As patients’ needs are so varied, OTs help GPs to support patients who are frail, with complex needs, live with chronic physical or mental health conditions, manage anxiety or depression, require advice to return or remain in work, and need rehabilitation so they can continue with previous occupations (activities of daily living).
A paramedic in primary care can provide a rapid response to deteriorating patients and patients with long-term conditions, minor injuries, and minor illness. They can also support patients who require wound care, have fallen, have musculoskeletal problems, and have urinary tract or respiratory infections. Paramedics can supply a range of medicines through patient group directions, including antibiotics and analgesics.
Paramedics can support PCNs in responding to on the day demand by offering telephone triage or undertaking home visiting.

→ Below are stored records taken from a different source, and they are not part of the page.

(* Suppose $g$ is polyhedral with parameter $\rho>0$, and Assumptions 1 and 2 below hold. Let $\hat{\boldsymbol\pi}$ be a probability vector on $\mathcal Z$ and $\hat r$ a reward estimate with $\max_k|\hat\pi_k-\pi_k|\le\delta_z\le\epsilon_z$ and $\max_{n,k,\mathbf b}|\hat r_n(\mathbf z_k,\mathbf b)-r_n(\mathbf z_k,\mu_n(\mathbf z_k,\mathbf b))|\le\delta_r\le\epsilon_r$. Let $\boldsymbol\alpha^*$ minimize $g$, $\tilde{\boldsymbol\alpha}^*$ minimize $\tilde g$, and $\hat{\boldsymbol\alpha}^*$ minimize $\hat g^{\hat\pi}$ (each over $\boldsymbol\alpha^d\succeq 0$, $\boldsymbol\alpha^q\in\mathbb R^N$, $\boldsymbol\alpha^h\in\mathbb R^M$). Then there is a constant $\eta\in(0,\eta_0]$ depending only on the system parameters (not on $V$, $\hat\pi$, $\hat r$) such that $$\|\hat{\boldsymbol\alpha}^*-\tilde{\boldsymbol\alpha}^*\|\le\frac{2\delta_z V f_{\max}\vartheta}{\rho},\qquad \|\boldsymbol\alpha^*-\tilde{\boldsymbol\alpha}^*\|\le\frac{2Vf_{\max}\delta_r}{\rho\eta},$$ where $f_{\max}=N\beta r_{\max}+c_{\max}$ and $\vartheta=|\mathcal Z|(1+r_{\max}+A_{\max}+\mu_{\max}+Nb_{\max}+h_{\max})/\eta$.
   Context: System data. A finite state set $\mathcal Z=\{\mathbf z_1,\dots,\mathbf z_K\}$ with true probabilities $\pi_k$; each $\mathbf z_k$ specifies task arrivals $\mathbf A^k\in[0,A_{\max}]^N$ and resource arrivals $\mathbf e^k\in[0,h_{\max}]^M$. For each $k$, $\mathcal B_k$ is a finite set of nonnegative $M\times N$ matrices $\mathbf b=(b_{mn})$, $b_{\max}$ the largest entry over all $\mathcal B_k$. Service functions $\mu_n(\mathbf z,\mathbf b)\in[0,\mu_{\max}]$, cost $c(\mathbf z,\mathbf b)\in[0,c_{\max}]$, true mean-reward functions $r_n(\mathbf z,\mu)\in[0,r_{\max}]$; utilities $U_n$ increasing concave with $U_n(0)=0$ and $\beta=\max_{n,r}U_n'(r)<\infty$. Parameter $V\ge1$. Write $\boldsymbol\alpha=(\boldsymbol\alpha^d,\boldsymbol\alpha^q,\boldsymbol\alpha^h)\in\mathbb R^N_{\ge0}\times\mathbb R^N\times\mathbb R^M$. Dual functions. For a reward table $\rho_n(\mathbf z_k,\mathbf b)$ (either the true $r_n(\mathbf z_k,\mu_n(\mathbf z_k,\mathbf b))$ or an estimate $\hat r_n(\mathbf z_k,\mathbf b)$), define $g_k(\boldsymbol\alpha)=\sup\{V[\sum_nU_n(\gamma_n)-c(\mathbf z_k,\mathbf b)]-\sum_n\alpha^d_n[\rho_n(\mathbf z_k,\mathbf b)-\gamma_n]-\sum_n\alpha^q_n[R_n-\mu_n(\mathbf z_k,\mathbf b)]-\sum_m\alpha^h_m[\sum_n b_{mn}-h_m]\}$, the sup over $\boldsymbol\gamma\in[0,r_{\max}]^N$, $\mathbf 0\preceq\mathbf R\preceq\mathbf A^k$, $\mathbf b\in\mathcal B_k$, $\mathbf 0\preceq\mathbf h\preceq\mathbf e^k$. Then $g=\sum_k\pi_kg_k$ with true rewards; $\tilde g=\sum_k\pi_k g_k$ with estimated rewards $\hat r$; $\hat g^{\hat\pi}=\sum_k\hat\pi_kg_k$ with estimated rewards $\hat r$ and estimated distribution $\hat\pi$. Polyhedral: a dual function $g$ with minimizer $\boldsymbol\alpha^*$ is polyhedral with parameter $\rho>0$ if $g(\boldsymbol\alpha^* )\le g(\boldsymbol\alpha)-\rho\|\boldsymbol\alpha^*-\boldsymbol\alpha\|$ for all feasible $\boldsymbol\alpha$ (Euclidean norm). Assumption 1: there exist constants $\epsilon_r,\epsilon_z,\eta_0>0$ such that for every probability vector $\hat\pi$ and estimate $\hat r$ with $\|\hat\pi-\pi\|\le\epsilon_z$ and $\|\hat r-r\|\le\epsilon_r$ there exist $\boldsymbol\gamma\in[0,r_{\max}]^N$ and, for each $k$, actions $(\mathbf R^k_i,\mathbf b^k_i,\mathbf h^k_i)_{i\ge1}$ with $\mathbf 0\preceq\mathbf R^k_i\preceq\mathbf A^k$, $\mathbf b^k_i\in\mathcal B_k$, $\mathbf 0\preceq\mathbf h^k_i\preceq\mathbf e^k$ and weights $\lambda^k_i\ge0$, $\sum_i\lambda^k_i=1$, such that for all $n,m$: $\gamma_n-\sum_k\hat\pi_k\sum_i\lambda^k_i\hat r_n(\mathbf z_k,\mathbf b^k_i)\le-\eta_0$; $\sum_k\hat\pi_k\sum_i\lambda^k_iR^k_{in}=\sum_k\hat\pi_k\sum_i\lambda^k_i\mu_n(\mathbf z_k,\mathbf b^k_i)$; $\sum_k\hat\pi_k\sum_i\lambda^k_i\sum_nb^k_{imn}=\sum_k\hat\pi_k\sum_i\lambda^k_ih^k_{im}$; and $0<\sum_k\hat\pi_k\sum_i\lambda^k_iR^k_{in}<\sum_k\hat\pi_kA^k_n$, $0<\sum_k\hat\pi_k\sum_i\lambda^k_ih^k_{im}<\sum_k\hat\pi_ke^k_m$. Assumption 2: for every such $\hat\pi,\hat r$ (within $\epsilon_z,\epsilon_r$), if $g$ is polyhedral with parameter $\rho$ then $\hat g^{\hat\pi}$ is polyhedral with parameter $\rho$ (this includes $\hat\pi=\pi$, i.e. $\tilde g$). *)

theory Defs
  imports "HOL-Analysis.Analysis"
begin

text \<open>The state space Z is a finite type 'k (z_k indexed by k), tasks are
indexed by a finite type 'n (so N = CARD('n)), resources by a finite type 'm (M = CARD('m)).
An allocation b is an M x N matrix, b $ m $ n = b_{mn}.  A dual variable
alpha = (alpha^d, alpha^q, alpha^h) lives in real^'n x real^'n x real^'m, whose norm is the
Euclidean norm.\<close>

type_synonym ('n,'m) alloc = "real^'n^'m"
type_synonym ('n,'m) dualvar = "(real^'n) \<times> (real^'n) \<times> (real^'m)"

definition prob_vec :: "('k::finite \<Rightarrow> real) \<Rightarrow> bool" where
  "prob_vec p \<longleftrightarrow> (\<forall>k. 0 \<le> p k) \<and> (\<Sum>k\<in>UNIV. p k) = 1"

definition gk :: "real \<Rightarrow> ('n::finite \<Rightarrow> real \<Rightarrow> real) \<Rightarrow> real
    \<Rightarrow> (('n,'m::finite) alloc \<Rightarrow> real) \<Rightarrow> (('n,'m) alloc \<Rightarrow> 'n \<Rightarrow> real)
    \<Rightarrow> (('n,'m) alloc \<Rightarrow> 'n \<Rightarrow> real) \<Rightarrow> real^'n \<Rightarrow> real^'m \<Rightarrow> ('n,'m) alloc set
    \<Rightarrow> ('n,'m) dualvar \<Rightarrow> real" where
  "gk V U rmax c rho mu Ak ek Bk \<alpha> = (case \<alpha> of (ad, aq, ah) \<Rightarrow>
     Sup { V * ((\<Sum>n\<in>UNIV. U n (\<gamma>$n)) - c b)
           - (\<Sum>n\<in>UNIV. ad$n * (rho b n - \<gamma>$n))
           - (\<Sum>n\<in>UNIV. aq$n * (R$n - mu b n))
           - (\<Sum>m\<in>UNIV. ah$m * ((\<Sum>n\<in>UNIV. b$m$n) - h$m))
         | \<gamma> R b h. (\<forall>n. 0 \<le> \<gamma>$n \<and> \<gamma>$n \<le> rmax) \<and> (\<forall>n. 0 \<le> R$n \<and> R$n \<le> Ak$n)
                 \<and> b \<in> Bk \<and> (\<forall>m. 0 \<le> h$m \<and> h$m \<le> ek$m) })"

They can also support PCNs to improve access to care by managing minor ailments and seeing patients in care homes.
Pharmacy Technicians play an important role within General Practice and complement the work of Clinical Pharmacists through utilisation of their technical skillset. Their deployment within primary care settings allows the application of their acquired pharmaceutical knowledge in tasks such as audits, discharge management, prescription issuing, and where appropriate, informing patients and other members of the Primary Care Network (PCN) workforce. Work is often under the direction of Clinical Pharmacists, and this benefit is realised through the creation of a PCN pharmacy team.
Physician Associates (PAs) are healthcare professionals with a generalist medical education who work alongside doctors providing medical care as an integral part of the multidisciplinary team. Physician Associates are dependent practitioners who work under the supervision of a fully trained and experienced doctor. They bring new talent and add to the skill mix within teams, providing a stable, generalist section of the workforce which can help ease the workforce pressures that the NHS currently faces.
Podiatrists are healthcare professionals who have been trained to diagnose and treat foot and lower limb conditions. Podiatrists provide assessment, evaluation and foot care for a wide range of patients, which range from low risk to long-term acute conditions. Many patients fall into high risk categories such as those with diabetes, rheumatism, cerebral palsy, peripheral arterial disease and peripheral nerve damage.
Social Prescribing Link Worker
Health outcomes are intrinsically linked to social circumstances. Social factors often influence whether a person develops a health problem, and conversely, living with a health problem may adversely impact a person’s social situation. Social prescribing aims to address some of the wide range issues that contribute to or result from the presence of a health problem, and help a person connect with their community.
Social prescribing enables all primary care staff and local agencies to refer people to a link worker. Social Prescribing Link Workers (SPLWs) give people time and focus on what matters to the person as identified through shared decision making or personalised care and support planning. They connect people to community groups and agencies for practical and emotional support.
They work within multidisciplinary teams and collaborate with local partners to support community groups to be accessible and sustainable, and help people to start new groups. Social prescribing complements other approaches such as ‘active signposting’.
Link workers typically support people on average over 6-12 contacts (including phone calls, meetings and home visits) with a typical caseload of 200-250 people per year, depending on the complexity of people’s needs and the maturity of the social prescribing scheme.